Sur le fond des dossiers du gouvernement, la tension monte entre Rachida Dati et la magistrature. Les relations entre Rachida Dati et la magistrature s'enveniment en raison d'un double conflit sur la carte judiciaire et les mutations de procureurs.
(Le Monde) La Garde des Sceaux, première Française d'origine maghrébine nommée dans un ministère régalien, emblème de "l'ouverture" voulue par Nicolas Sarkozy, maintient contre vents et marées ses projets controversés. Quasi-constante depuis son arrivée place Vendôme, la tension avec les juges a monté d'un cran avec l'annonce lundi d'une grève du monde judiciaire, démarche rarissime dans ce corps, qui devrait rassembler magistrats, personnels de justice et sans doute avocats le 29 novembre. La protestation contre la réforme de la carte judiciaire enfle à droite, à gauche et dans les palais de justice au fur et à mesure que la ministre égrène les annonces de fermeture de tribunaux au long d'un "tour de France" des juridictions.
Les opposants à la réforme contestent toute logique à ces "coups de gomme" sur la carte judiciaire qui, selon eux, ne résoudront pas les dysfonctionnements d'un système qui est, relativement à la richesse nationale, le plus pauvre en crédits en Europe. Sur Europe 1 mardi, Rachida Dati a maintenu qu'elle mènerait à bien avant les élections municipales
le dossier, qui devrait aboutir à la suppression d'environ 200 tribunaux d'instance et d'une vingtaine de tribunaux de grande instance.
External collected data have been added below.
(* Let $P$ and $Q$ be stochastic matrices over a countable set $\Omega$. Say that $P$ and $Q$ satisfy condition $(\star)$ via a permutation $\sigma$ of $\Omega$ if (a) for all $i,j$, $P_{ij}>0\iff Q_{\sigma(i)\sigma(j)}>0$, and (b) for all $n,m\in\mathbb{N}$ and all $i,j,k\in\Omega$ with $P^{(n)}_{ij}P^{(m)}_{jk}>0$, $$\frac{P^{(n)}_{ij}P^{(m)}_{jk}}{P^{(n+m)}_{ik}}=\frac{Q^{(n)}_{\sigma(i)\sigma(j)}Q^{(m)}_{\sigma(j)\sigma(k)}}{Q^{(n+m)}_{\sigma(i)\sigma(k)}}.$$ Then: (1) if there is a $\rho$-unitary isomorphism $Arv(P)\to Arv(Q)$ for a *-automorphism $\rho$ of $\ell^\infty(\Omega)$, then $P$ and $Q$ satisfy $(\star)$ via $\sigma_\rho$; (2) if $P$ and $Q$ satisfy $(\star)$ via $\sigma$, then there is a $\rho_\sigma$-unitary isomorphism $Arv(P)\to Arv(Q)$.
   Context: A stochastic matrix over $\Omega$ has nonnegative entries and row sums $1$; $P^{(n)}_{ij}$ is the $(i,j)$ entry of $P^n$ ($P^0=I$). Every *-automorphism $\rho$ of $\ell^\infty(\Omega)$ is of the form $\rho_\sigma(f)=f\circ\sigma^{-1}$ for a unique permutation $\sigma$; $\sigma_\rho$ denotes the permutation with $\rho(p_j)=p_{\sigma_\rho(j)}$, $p_j$ the indicator of $\{j\}$. $Arv(P)$: $Arv(P)_0=\ell^\infty(\Omega)$; $Arv(P)_n$ ($n\ge1$) is the set of complex $\Omega\times\Omega$ matrices $A=[a_{ij}]$ with $a_{ij}=0$ whenever $P^{(n)}_{ij}=0$ and $\sup_j\sum_i|a_{ij}|^2<\infty$, a W*-correspondence over $\ell^\infty(\Omega)$ with actions by multiplication by diagonal matrices and inner product $\mathrm{Diag}(A^*B)$; $U^P_{n,m}(A\otimes B)=(\sqrt{P^{n+m}})^{\flat}*[(\sqrt{P^n}*A)(\sqrt{P^m}*B)]$ for $n,m\ge1$ ($*$ entrywise product, $\sqrt\cdot$ entrywise, $M^\flat_{ik}=M_{ik}^{-1}$ if $M_{ik}>0$, else $0$), $U_{0,n},U_{n,0}$ module actions. A $\rho$-unitary isomorphism $V:Arv(P)\to Arv(Q)$ is a family $(V_n)_{n\ge0}$ with $V_0=\rho$ and, for $n\ge1$, $V_n:Arv(P)_n\to Arv(Q)_n$ surjective linear with $V_n(a\xi b)=\rho(a)V_n(\xi)\rho(b)$ and $\rho^{-1}(\langle V_n\xi,V_n\eta\rangle)=\langle\xi,\eta\rangle$, such that $V_{n+m}U^P_{n,m}=U^Q_{n,m}(V_n\otimes V_m)$ for all $n,m$. *)

theory Defs
  imports "HOL-Analysis.Analysis"
begin

definition stochastic :: "('a \<Rightarrow> 'a \<Rightarrow> real) \<Rightarrow> bool" where
  "stochastic P \<longleftrightarrow> (\<forall>i j. P i j \<ge> 0) \<and> (\<forall>i. ((\<lambda>j. P i j) has_sum 1) UNIV)"

fun mpow :: "('a \<Rightarrow> 'a \<Rightarrow> real) \<Rightarrow> nat \<Rightarrow> 'a \<Rightarrow> 'a \<Rightarrow> real" where
  "mpow P 0 = (\<lambda>i j. if i = j then 1 else 0)"
| "mpow P (Suc n) = (\<lambda>i k. infsum (\<lambda>j. mpow P n i j * P j k) UNIV)"

definition linf :: "('a \<Rightarrow> complex) set" where
  "linf = {f. bdd_above (range (\<lambda>x. cmod (f x)))}"

definition star_aut :: "(('a \<Rightarrow> complex) \<Rightarrow> ('a \<Rightarrow> complex)) \<Rightarrow> bool" where
  "star_aut \<rho> \<longleftrightarrow> bij_betw \<rho> linf linf
     \<and> (\<forall>f\<in>linf. \<forall>g\<in>linf. \<rho> (\<lambda>x. f x + g x) = (\<lambda>x. \<rho> f x + \<rho> g x))
     \<and> (\<forall>f\<in>linf. \<forall>c. \<rho> (\<lambda>x. c * f x) = (\<lambda>x. c * \<rho> f x))
     \<and> (\<forall>f\<in>linf. \<forall>g\<in>linf. \<rho> (\<lambda>x. f x * g x) = (\<lambda>x. \<rho> f x * \<rho> g x))
     \<and> (\<forall>f\<in>linf. \<rho> (\<lambda>x. cnj (f x)) = (\<lambda>x. cnj (\<rho> f x)))"

definition pj :: "'a \<Rightarrow> 'a \<Rightarrow> complex" where
  "pj j = (\<lambda>x. if x = j then 1 else 0)"

definition sigma_of :: "(('a \<Rightarrow> complex) \<Rightarrow> ('a \<Rightarrow> complex)) \<Rightarrow> 'a \<Rightarrow> 'a" where
  "sigma_of \<rho> j = (THE k. \<rho> (pj j) = pj k)"

definition rho_of :: "('a \<Rightarrow> 'a) \<Rightarrow> ('a \<Rightarrow> complex) \<Rightarrow> ('a \<Rightarrow> complex)" where
  "rho_of \<sigma> f = f \<circ> inv \<sigma>"

definition star_cond :: "('a \<Rightarrow> 'a \<Rightarrow> real) \<Rightarrow> ('a \<Rightarrow> 'a \<Rightarrow> real) \<Rightarrow> ('a \<Rightarrow> 'a) \<Rightarrow> bool" where
  "star_cond P Q \<sigma> \<longleftrightarrow> bij \<sigma>
     \<and> (\<forall>i j. P i j > 0 \<longleftrightarrow> Q (\<sigma> i) (\<sigma> j) > 0)
     \<and> (\<forall>n m i j k. mpow P n i j * mpow P m j k > 0 \<longrightarrow>
          mpow P n i j * mpow P m j k / mpow P (n + m) i k =
          mpow Q n (\<sigma> i) (\<sigma> j) * mpow Q m (\<sigma> j) (\<sigma> k) / mpow Q (n + m) (\<sigma> i) (\<sigma> k))"

text \<open>The fibre Arv(P)_n for n >= 1.\<close>
definition arv :: "('a \<Rightarrow> 'a \<Rightarrow> real) \<Rightarrow> nat \<Rightarrow> ('a \<Rightarrow> 'a \<Rightarrow> complex) set" where
  "arv P n = {A. (\<forall>i j. mpow P n i j = 0 \<longrightarrow> A i j = 0)
      \<and> (\<forall>j. (\<lambda>i. (cmod (A i j))\<^sup>2) summable_on UNIV)
      \<and> bdd_above (range (\<lambda>j. infsum (\<lambda>i. (cmod (A i j))\<^sup>2) UNIV))}"

text \<open>Bimodule action a xi b = Diag(a) xi Diag(b).\<close>
definition bimod :: "('a \<Rightarrow> complex) \<Rightarrow> ('a \<Rightarrow> 'a \<Rightarrow> complex) \<Rightarrow> ('a \<Rightarrow> complex) \<Rightarrow> ('a \<Rightarrow> 'a \<Rightarrow> complex)" where
  "bimod a A b = (\<lambda>i j. a i * A i j * b j)"

text \<open>Inner product Diag(A^* B).\<close>
definition arv_ip :: "('a \<Rightarrow> 'a \<Rightarrow> complex) \<Rightarrow> ('a \<Rightarrow> 'a \<Rightarrow> complex) \<Rightarrow> ('a \<Rightarrow> complex)" where
  "arv_ip A B = (\<lambda>j. infsum (\<lambda>i. cnj (A i j) * B i j) UNIV)"

definition flat :: "real \<Rightarrow> real" where
  "flat x = (if x > 0 then 1 / x else 0)"

definition Umap :: "('a \<Rightarrow> 'a \<Rightarrow> real) \<Rightarrow> nat \<Rightarrow> nat \<Rightarrow> ('a \<Rightarrow> 'a \<Rightarrow> complex) \<Rightarrow> ('a \<Rightarrow> 'a \<Rightarrow> complex) \<Rightarrow> ('a \<Rightarrow> 'a \<Rightarrow> complex)" where
  "Umap P n m A B = (\<lambda>i k. complex_of_real (flat (sqrt (mpow P (n + m) i k))) *
      infsum (\<lambda>j. (complex_of_real (sqrt (mpow P n i j)) * A i j) *
                  (complex_of_real (sqrt (mpow P m j k)) * B j k)) UNIV)"

text \<open>rho-unitary isomorphism Arv(P) -> Arv(Q): V_0 = rho, V n for n >= 1.
  The compatibility with U is required on elementary tensors (which determine
  the maps on the interior tensor product); the cases n = 0 or m = 0 are the
  bimodule property and multiplicativity of rho.\<close>
definition rho_unitary_iso :: "('a \<Rightarrow> 'a \<Rightarrow> real) \<Rightarrow> ('a \<Rightarrow> 'a \<Rightarrow> real) \<Rightarrow>
    (('a \<Rightarrow> complex) \<Rightarrow> ('a \<Rightarrow> complex)) \<Rightarrow>
    (nat \<Rightarrow> ('a \<Rightarrow> 'a \<Rightarrow> complex) \<Rightarrow> ('a \<Rightarrow> 'a \<Rightarrow> complex)) \<Rightarrow> bool" where
  "rho_unitary_iso P Q \<rho> V \<longleftrightarrow>
     (\<forall>n\<ge>1.
        V n ` arv P n = arv Q n
      \<and> (\<forall>A\<in>arv P n. \<forall>B\<in>arv P n. V n (\<lambda>i j. A i j + B i j) = (\<lambda>i j. V n A i j + V n B i j))
      \<and> (\<forall>A\<in>arv P n. \<forall>c. V n (\<lambda>i j. c * A i j) = (\<lambda>i j. c * V n A i j))
      \<and> (\<forall>a\<in>linf. \<forall>b\<in>linf. \<forall>A\<in>arv P n. V n (bimod a A b) = bimod (\<rho> a) (V n A) (\<rho> b))
      \<and> (\<forall>A\<in>arv P n. \<forall>B\<in>arv P n. inv_into linf \<rho> (arv_ip (V n A) (V n B)) = arv_ip A B))
   \<and> (\<forall>n\<ge>1. \<forall>m\<ge>1. \<forall>A\<in>arv P n. \<forall>B\<in>arv P m.
        V (n + m) (Umap P n m A B) = Umap Q n m (V n A) (V m B))"

end

theory Submission
  imports Defs
begin

text \<open>A \<open>\<rho>\<close>-unitary isomorphism \<open>V\<close> commutes with the bimodule actions, and \<open>\<rho>\<close> maps the minimal
  projection \<open>p\<^sub>j\<close> to \<open>p\<^bsub>\<sigma> j\<^esub>\<close>; hence \<open>V\<^sub>n\<close> sends the matrix unit \<open>e\<^bsub>i j\<^esub>\<close> to a multiple of
  \<open>e\<^bsub>\<sigma> i \<sigma> j\<^esub>\<close>, unimodular because \<open>V\<close> preserves inner products. In particular the supports
  of \<open>P\<^sup>n\<close> and \<open>Q\<^sup>n\<close> correspond under \<open>\<sigma>\<close>. Since \<open>U\<^sup>P\<close> maps \<open>e\<^bsub>i j\<^esub> \<otimes> e\<^bsub>j k\<^esub>\<close> to the multiple
  \<open>sqrt (P\<^sup>n\<^bsub>i j\<^esub> P\<^sup>m\<^bsub>j k\<^esub> / P\<^bsup>n+m\<^esup>\<^bsub>i k\<^esub>)\<close> of \<open>e\<^bsub>i k\<^esub>\<close>, comparing moduli in
  \<open>V U\<^sup>P = U\<^sup>Q (V \<otimes> V)\<close> yields \<open>(\<star>)\<close>. Conversely, under \<open>(\<star>)\<close> relabelling the entries of a
  matrix by \<open>\<sigma>\<close> is a \<open>\<rho>\<^sub>\<sigma>\<close>-unitary isomorphism: it preserves supports, and \<open>(\<star>)\<close> says
  exactly that it preserves the coefficients of \<open>U\<close>.\<close>

lemma has_sum_single_nonzero:
  fixes f :: "'a \<Rightarrow> 'b::{comm_monoid_add,topological_space}"
  assumes "\<And>x. x \<noteq> a \<Longrightarrow> f x = 0"
  shows "(f has_sum f a) UNIV"
  by (rule has_sum_finite_neutralI[of "{a}"]) (use assms in auto)

lemma infsum_single_nonzero:
  fixes f :: "'a \<Rightarrow> 'b::{comm_monoid_add,t2_space}"
  assumes "\<And>x. x \<noteq> a \<Longrightarrow> f x = 0"
  shows "infsum f UNIV = f a"
  using has_sum_single_nonzero[OF assms] by (rule infsumI)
"La réforme de la carte judiciaire, tout le monde est d'accord pour la faire. La justice ne peut pas fonctionner comme elle fonctionnait en 1958", a-t-elle prononcé, dans un habituel ton populiste. Ton en décalage avec la réalité d'un ministère sans crédits et sans moyens, et que l'on accuse hypocritement de laxisme et d'inefficacité.
Autre pomme de discorde, le projet de mutation du procureur général d'Agen, Bernard Blais, à la Cour de cassation, est maintenu par la ministre malgré l'avis défavorable rendu lundi par le Conseil supérieur de la magistrature (CSM), l'opposition de l'intéressé et des syndicats de magistrats.
"Il est important de renouveler les postes de haute responsabilité et puis de féminiser", a-t-elle précisé, dans un nouveau discours jusqu'au-boutiste. Bernard Blais, à huit mois de la retraite, refuse son déplacement forcé. Il va saisir le Conseil d'Etat.
Les syndicats de magistrats estiment que la démarche du Garde des Sceaux est illégale au regard notamment du statut général d'indépendance de la magistrature. Par ailleurs, selon eux, les procureurs généraux, s'ils sont nommés en conseil des ministres, ne peuvent être déplacés de force que "dans l'intérêt du service", et non pour des raisons idéologiques de prise de pouvoir de l'exécutif sur le judiciaire.

D'autres projets de réforme entretiennent également le contentieux entre les juges et la place Vendôme, notamment celui qui entend permettre la comparution en justice des malades psychiatriques et celui qui veut rendre possible un enfermement à vie après la prison pour les criminels les plus graves.
En résumé, le crédit de Rachida Dati, Garde des Sceaux, et super-procureur de la république, semble bien entamé.
Elle compte sur l'élection municipale parisienne pour se relancer et pouvoir aborder des réformes pénales plus restrictives.... ou plus "modernes", dirait-on dans les médias de la sarkozie.